lemma is_solution_iff_fixpoint:
  "is_solution m n \<sigma> \<mu> \<kappa> \<rho> \<Phi> \<Phi>' \<alpha> f Q z \<longleftrightarrow>
    continuous_on {m - \<sigma>..n} z \<and> (\<forall>t\<in>{m - \<sigma>..n}. solution_map z t = z t)"
proof -
  have integrand: "(\<lambda>\<eta>. \<Phi>' \<eta> * (\<Phi> l - \<Phi> \<eta>) powr (\<mu> - 1)
      * ML2 (\<mu> - \<kappa>) \<mu> (- \<rho> * (\<Phi> l - \<Phi> \<eta>) powr (\<mu> - \<kappa>)) * Q \<eta> (z \<eta>) (z (f \<eta>)))
    = (\<lambda>\<eta>. kernel \<mu> l \<eta> * mittag_leffler_factor (\<Phi> l - \<Phi> \<eta>) * rhs z \<eta>)" for l
    by (simp add: kernel_def mittag_leffler_factor_def rhs_def)
  have "continuous_on {m - \<sigma>..n} z \<Longrightarrow> continuous_on {m..n} z"
    by (erule continuous_on_subset) (use sigma_pos in auto)
  then have "is_solution m n \<sigma> \<mu> \<kappa> \<rho> \<Phi> \<Phi>' \<alpha> f Q z \<longleftrightarrow> continuous_on {m - \<sigma>..n} z \<and>
      (\<forall>l\<in>{m - \<sigma>..m}. z l = \<alpha> l) \<and>
      (\<forall>l\<in>{m..n}. ((\<lambda>\<eta>. kernel \<mu> l \<eta> * mittag_leffler_factor (\<Phi> l - \<Phi> \<eta>) * rhs z \<eta>) has_integral
        (z l - \<alpha> m)) {m..l})"
    unfolding is_solution_def integrand by blast
  also have "\<dots> \<longleftrightarrow> continuous_on {m - \<sigma>..n} z \<and> (\<forall>l\<in>{m - \<sigma>..m}. z l = \<alpha> l) \<and>
      (\<forall>l\<in>{m..n}. kernel_integral \<mu> mittag_leffler_factor (rhs z) l = z l - \<alpha> m)"
    using has_integral_iff_kernel_integral by (intro conj_cong ball_cong refl) auto
  finally show ?thesis
    by (simp only: solution_map_fixpoint_iff)
qed

end

theorem mainTheorem2:
  fixes m n \<sigma> \<rho> \<kappa> \<mu> L :: real
    and \<Phi> \<Phi>' \<alpha> f :: "real \<Rightarrow> real"
    and Q :: "real \<Rightarrow> real \<Rightarrow> real \<Rightarrow> real"
  assumes "0 < m" "m < n" "0 < \<sigma>" "0 < \<rho>" "0 < \<kappa>" "\<kappa> < \<mu>" "\<mu> \<le> 1"
    and "mono_on {m..n} \<Phi>"
    and "\<And>l. l \<in> {m..n} \<Longrightarrow> (\<Phi> has_real_derivative \<Phi>' l) (at l within {m..n})"
    and "\<And>l. l \<in> {m..n} \<Longrightarrow> \<Phi>' l \<noteq> 0"
    and "continuous_on {m - \<sigma>..m} \<alpha>"
    and H1: "continuous_on {m..n} f" "f ` {m..n} \<subseteq> {m - \<sigma>..n}" "\<And>l. l \<in> {m..n} \<Longrightarrow> f l \<le> l"
    and H2: "continuous_on ({m..n} \<times> UNIV) (\<lambda>(l, b, a). Q l b a)"
      "0 < L"
      "\<And>l a1 a2 b1 b2. l \<in> {m..n} \<Longrightarrow>
         \<bar>Q l b2 a2 - Q l b1 a1\<bar> \<le> L * (\<bar>b2 - b1\<bar> + \<bar>a2 - a1\<bar>)"
  shows "\<exists>z. is_solution m n \<sigma> \<mu> \<kappa> \<rho> \<Phi> \<Phi>' \<alpha> f Q z \<and>
           (\<forall>w. is_solution m n \<sigma> \<mu> \<kappa> \<rho> \<Phi> \<Phi>' \<alpha> f Q w \<longrightarrow>
                 (\<forall>x\<in>{m - \<sigma>..n}. w x = z x))"
proof -
  interpret delay_problem m n \<Phi> \<Phi>' \<sigma> \<mu> \<kappa> \<rho> L \<alpha> f Q
    by unfold_locales (use assms in auto)
  show ?thesis
    using solution_map_unique_fixpoint unfolding is_solution_iff_fixpoint by blast
qed

end
(* Let $G=(V,E)$ be a finite simple undirected graph with distinct vertex IDs, whose neighborhood independence is at most a constant $c$, and let $K$ be a positive integer with $\delta(G)\ge K$. Suppose every vertex $v\in V$ selects the $K$ neighbors given by the operation $K$-Next-Modulo$(v,\Gamma(v),K)$. Then every vertex $v\in V$ is selected by at most $c\cdot K$ vertices.
   Context: $\Gamma(v)$ denotes the set of neighbors of $v$, $\deg(v)=|\Gamma(v)|$, and $\delta(G)=\min_{v}\deg(v)$. The neighborhood independence of $G$ is the maximum, over $v\in V$, of the size of an independent set of $G$ contained in $\Gamma(v)$. Operation $K$-Next-Modulo$(v,\Gamma(v),K)$: let $d=\deg(v)+1$ and let $u_1,u_2,\dots,u_d$ be the vertices of $\Gamma(v)\cup\{v\}$ listed in ascending order of ID, with $v=u_i$. Then $v$ selects the $K$ vertices $u_{i+1},u_{i+2},\dots,u_{i+K}$, indices taken cyclically modulo $d$; that is, the $K$ neighbors that immediately follow $v$ in the circular ordering of $\Gamma(v)\cup\{v\}$ by ID. All vertices make their selections simultaneously, in one round. *)

theory Defs
  imports Main
begin

definition simple_graph :: "'a set \<Rightarrow> ('a \<Rightarrow> 'a \<Rightarrow> bool) \<Rightarrow> bool" where
  "simple_graph V E \<longleftrightarrow> finite V \<and> (\<forall>u v. E u v \<longrightarrow> u \<in> V \<and> v \<in> V)
     \<and> (\<forall>u v. E u v \<longrightarrow> E v u) \<and> (\<forall>v. \<not> E v v)"

definition nbhd :: "'a set \<Rightarrow> ('a \<Rightarrow> 'a \<Rightarrow> bool) \<Rightarrow> 'a \<Rightarrow> 'a set" where
  "nbhd V E v = {u \<in> V. E v u}"

definition deg :: "'a set \<Rightarrow> ('a \<Rightarrow> 'a \<Rightarrow> bool) \<Rightarrow> 'a \<Rightarrow> nat" where
  "deg V E v = card (nbhd V E v)"

definition min_degree :: "'a set \<Rightarrow> ('a \<Rightarrow> 'a \<Rightarrow> bool) \<Rightarrow> nat" where
  "min_degree V E = Min (deg V E ` V)"

definition independent :: "('a \<Rightarrow> 'a \<Rightarrow> bool) \<Rightarrow> 'a set \<Rightarrow> bool" where
  "independent E S \<longleftrightarrow> (\<forall>u\<in>S. \<forall>w\<in>S. \<not> E u w)"

definition nbhd_indep_le :: "'a set \<Rightarrow> ('a \<Rightarrow> 'a \<Rightarrow> bool) \<Rightarrow> nat \<Rightarrow> bool" where
  "nbhd_indep_le V E c \<longleftrightarrow>
     (\<forall>v\<in>V. \<forall>S. S \<subseteq> nbhd V E v \<and> independent E S \<longrightarrow> card S \<le> c)"

(* Gamma(v) \<union> {v} listed in ascending order of ID *)
definition closed_nbhd_list ::
  "'a set \<Rightarrow> ('a \<Rightarrow> 'a \<Rightarrow> bool) \<Rightarrow> ('a \<Rightarrow> nat) \<Rightarrow> 'a \<Rightarrow> 'a list" where
  "closed_nbhd_list V E ident v =
     (let N = insert v (nbhd V E v) in
      map (inv_into N ident) (sorted_list_of_set (ident ` N)))"

(* K-Next-Modulo(v, Gamma(v), K): the K vertices following v cyclically in that list *)
definition next_modulo ::
  "'a set \<Rightarrow> ('a \<Rightarrow> 'a \<Rightarrow> bool) \<Rightarrow> ('a \<Rightarrow> nat) \<Rightarrow> nat \<Rightarrow> 'a \<Rightarrow> 'a set" where
  "next_modulo V E ident K v =
     (let xs = closed_nbhd_list V E ident v; d = length xs; i = (THE i. i < d \<and> xs ! i = v) in
      {xs ! ((i + j) mod d) | j. 1 \<le> j \<and> j \<le> K})"

end

(* Fix v and let S be the set of vertices selecting v; S lies in the neighbourhood of v.
   Rank S cyclically by ID, starting just after v. If u in S has a neighbour w in S of
   larger rank, then w lies strictly between u and v in the cyclic ID order of u's closed
   neighbourhood, so u selected w before reaching v: every u in S has fewer than K
   neighbours of larger rank. Repeatedly taking the vertex of least rank and discarding its
   neighbours therefore yields an independent subset of S of size at least |S| / K. It lies
   in the neighbourhood of v, so it has at most c elements, whence |S| <= c K. *)

theory Submission
  imports Defs "HOL-Library.Product_Lexorder"
begin

(* Running upwards from a and wrapping around, x is met strictly after a and strictly before b. *)
definition cyclic_between :: "nat \<Rightarrow> nat \<Rightarrow> nat \<Rightarrow> bool" where
  "cyclic_between a b x \<longleftrightarrow> (a < x \<and> x < b) \<or> (b < a \<and> (a < x \<or> x < b))"

lemma cyclic_between_strict_mono_on:
  assumes "strict_mono_on A g" "a \<in> A" "b \<in> A" "x \<in> A"
  shows "cyclic_between (g a) (g b) (g x) \<longleftrightarrow> cyclic_between a b x"
  using assms by (simp add: cyclic_between_def strict_mono_on_less)

lemma cyclic_between_mod_offset:
  fixes d i j p :: nat
  assumes "i < d" "j < d" "p < d" "cyclic_between i ((i + j) mod d) p"
  shows "\<exists>t\<in>{1..<j}. p = (i + t) mod d"
proof (cases "i + j < d")
  case True
  then have "i < p" "p < i + j" using assms(4) by (auto simp: cyclic_between_def)
  then show ?thesis using assms(3) by (intro bexI[of _ "p - i"]) auto
next
  case False
  then have wrap: "(i + j) mod d = i + j - d"
    using assms(1,2) by (simp add: mod_if)
  show ?thesis
  proof (cases "i < p")
    case True
    then show ?thesis using False assms(3) by (intro bexI[of _ "p - i"]) auto
  next
    case False
    then have "p < i + j - d" using assms(4) wrap by (auto simp: cyclic_between_def)
    then show ?thesis using assms(1,3) \<open>\<not> i + j < d\<close>
      by (intro bexI[of _ "p + d - i"]) (auto simp: mod_if)
  qed
qed
(* Let $\mathcal H$ be an infinite-dimensional complex Hilbert space. Then the generalized effect algebra $(\mathcal V_f(\mathcal H);\oplus,o)$ is monotone Dedekind downwards $\sigma$-complete.
   Context: Bilinear forms $t$ on $\mathcal H$ are sesquilinear maps $D(t)\times D(t)\to\mathbb C$ on a dense linear subspace $D(t)$ (linear in the first argument); $t$ is positive if $t(x,x)\ge0$ on $D(t)$, bounded if $\sup\{t(x,x)\mid x\in D(t),\|x\|=1\}<\infty$. The sum $t+s$ has domain $D(t)\cap D(s)$. $o$ is the zero form on $\mathcal H$. $\mathcal V_f(\mathcal H)$ is the set of positive bilinear forms with dense domain such that $D(t)=\mathcal H$ whenever $t$ is bounded; $t\oplus s$ is defined iff $t$ or $s$ is bounded or $D(t)=D(s)$, and then $t\oplus s=t+s$; this is a generalized effect algebra with induced order $t\le s$ iff $t\oplus r=s$ for some $r\in\mathcal V_f(\mathcal H)$. A generalized effect algebra is monotone Dedekind downwards $\sigma$-complete if every sequence $x_1\ge x_2\ge\cdots$ (in the induced order) has an infimum in it. *)

theory Defs
  imports "HOL-Analysis.Analysis"
begin

class complex_vector = real_vector +
  fixes scaleC :: "complex \<Rightarrow> 'a \<Rightarrow> 'a" (infixr "*\<^sub>C" 75)
  assumes scaleC_add_right: "a *\<^sub>C (x + y) = a *\<^sub>C x + a *\<^sub>C y"
    and scaleC_add_left: "(a + b) *\<^sub>C x = a *\<^sub>C x + b *\<^sub>C x"
    and scaleC_scaleC: "a *\<^sub>C (b *\<^sub>C x) = (a * b) *\<^sub>C x"
    and scaleC_one: "1 *\<^sub>C x = x"
    and scaleR_scaleC: "scaleR r x = complex_of_real r *\<^sub>C x"

class complex_inner = complex_vector + real_normed_vector +
  fixes cinner :: "'a \<Rightarrow> 'a \<Rightarrow> complex"
  assumes cinner_conj: "cinner x y = cnj (cinner y x)"
    and cinner_add_left: "cinner (x + y) z = cinner x z + cinner y z"
    and cinner_scaleC_left: "cinner (a *\<^sub>C x) y = a * cinner x y"
    and cinner_self_nonneg: "0 \<le> Re (cinner x x)"
    and cinner_self_eq_zero: "cinner x x = 0 \<longleftrightarrow> x = 0"
    and norm_eq_sqrt_cinner: "norm x = sqrt (Re (cinner x x))"

class chilbert_space = complex_inner + complete_space

definition cspan :: "'a::complex_vector set \<Rightarrow> 'a set" where
  "cspan S = {(\<Sum>x\<in>F. c x *\<^sub>C x) | F c. finite F \<and> F \<subseteq> S}"

definition infinite_dimensional :: "'a::complex_vector itself \<Rightarrow> bool" where
  "infinite_dimensional _ \<longleftrightarrow> (\<forall>S::'a set. finite S \<longrightarrow> cspan S \<noteq> UNIV)"

definition csubspace :: "'a::complex_vector set \<Rightarrow> bool" where
  "csubspace D \<longleftrightarrow> 0 \<in> D \<and> (\<forall>x\<in>D. \<forall>y\<in>D. x + y \<in> D) \<and> (\<forall>c. \<forall>x\<in>D. c *\<^sub>C x \<in> D)"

▶ **Work to complete**
In the listing above, the line with "sqrt (Re (cinner" and every line after it must be set down word for word, and no other line.

▶ **Solution to this task**
    and norm_eq_sqrt_cinner: "norm x = sqrt (Re (cinner x x))"

class chilbert_space = complex_inner + complete_space

definition cspan :: "'a::complex_vector set \<Rightarrow> 'a set" where
  "cspan S = {(\<Sum>x\<in>F. c x *\<^sub>C x) | F c. finite F \<and> F \<subseteq> S}"

definition infinite_dimensional :: "'a::complex_vector itself \<Rightarrow> bool" where
  "infinite_dimensional _ \<longleftrightarrow> (\<forall>S::'a set. finite S \<longrightarrow> cspan S \<noteq> UNIV)"

definition csubspace :: "'a::complex_vector set \<Rightarrow> bool" where
  "csubspace D \<longleftrightarrow> 0 \<in> D \<and> (\<forall>x\<in>D. \<forall>y\<in>D. x + y \<in> D) \<and> (\<forall>c. \<forall>x\<in>D. c *\<^sub>C x \<in> D)"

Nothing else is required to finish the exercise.